■ **To do**
For the material below, count each line where the string "Defs" appears, then return the total alone.

■ **Given records**
▼▼▼

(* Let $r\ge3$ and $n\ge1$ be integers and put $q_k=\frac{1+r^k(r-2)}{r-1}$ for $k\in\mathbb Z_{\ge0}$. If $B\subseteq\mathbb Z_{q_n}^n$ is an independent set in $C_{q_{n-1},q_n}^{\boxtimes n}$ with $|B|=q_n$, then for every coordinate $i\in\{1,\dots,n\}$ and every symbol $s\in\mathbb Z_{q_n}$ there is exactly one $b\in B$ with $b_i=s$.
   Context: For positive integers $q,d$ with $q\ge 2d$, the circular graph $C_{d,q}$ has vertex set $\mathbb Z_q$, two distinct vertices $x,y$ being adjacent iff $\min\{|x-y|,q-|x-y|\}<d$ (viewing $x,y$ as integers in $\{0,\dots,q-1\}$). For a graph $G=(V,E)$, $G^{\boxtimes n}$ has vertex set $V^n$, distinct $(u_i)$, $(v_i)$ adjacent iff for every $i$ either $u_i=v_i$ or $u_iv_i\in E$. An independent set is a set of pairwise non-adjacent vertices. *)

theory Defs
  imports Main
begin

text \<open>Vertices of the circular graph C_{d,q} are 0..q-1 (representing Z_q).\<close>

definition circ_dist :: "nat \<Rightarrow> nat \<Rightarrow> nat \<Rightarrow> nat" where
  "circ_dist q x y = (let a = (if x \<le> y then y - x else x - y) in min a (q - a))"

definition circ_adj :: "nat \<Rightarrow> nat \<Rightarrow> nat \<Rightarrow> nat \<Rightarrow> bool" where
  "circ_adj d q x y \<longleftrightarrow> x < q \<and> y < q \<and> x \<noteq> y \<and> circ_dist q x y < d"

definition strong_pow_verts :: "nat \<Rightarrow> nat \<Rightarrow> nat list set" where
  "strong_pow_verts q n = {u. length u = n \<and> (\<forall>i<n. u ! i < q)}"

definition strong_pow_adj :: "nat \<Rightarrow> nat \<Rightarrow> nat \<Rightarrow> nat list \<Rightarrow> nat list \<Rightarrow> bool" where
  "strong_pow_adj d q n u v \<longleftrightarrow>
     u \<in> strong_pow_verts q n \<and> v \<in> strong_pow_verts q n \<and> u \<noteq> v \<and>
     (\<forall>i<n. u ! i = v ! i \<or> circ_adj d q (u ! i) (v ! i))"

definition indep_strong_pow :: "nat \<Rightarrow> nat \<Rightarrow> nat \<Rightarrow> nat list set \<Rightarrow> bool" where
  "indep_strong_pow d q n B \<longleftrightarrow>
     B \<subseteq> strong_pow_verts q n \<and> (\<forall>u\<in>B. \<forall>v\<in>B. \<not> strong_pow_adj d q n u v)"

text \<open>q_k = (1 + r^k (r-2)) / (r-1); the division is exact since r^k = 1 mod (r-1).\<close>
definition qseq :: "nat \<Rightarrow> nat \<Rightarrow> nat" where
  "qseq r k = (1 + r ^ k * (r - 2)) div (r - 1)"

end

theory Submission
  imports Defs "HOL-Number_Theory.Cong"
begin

▲▲▲

■ **Result**
2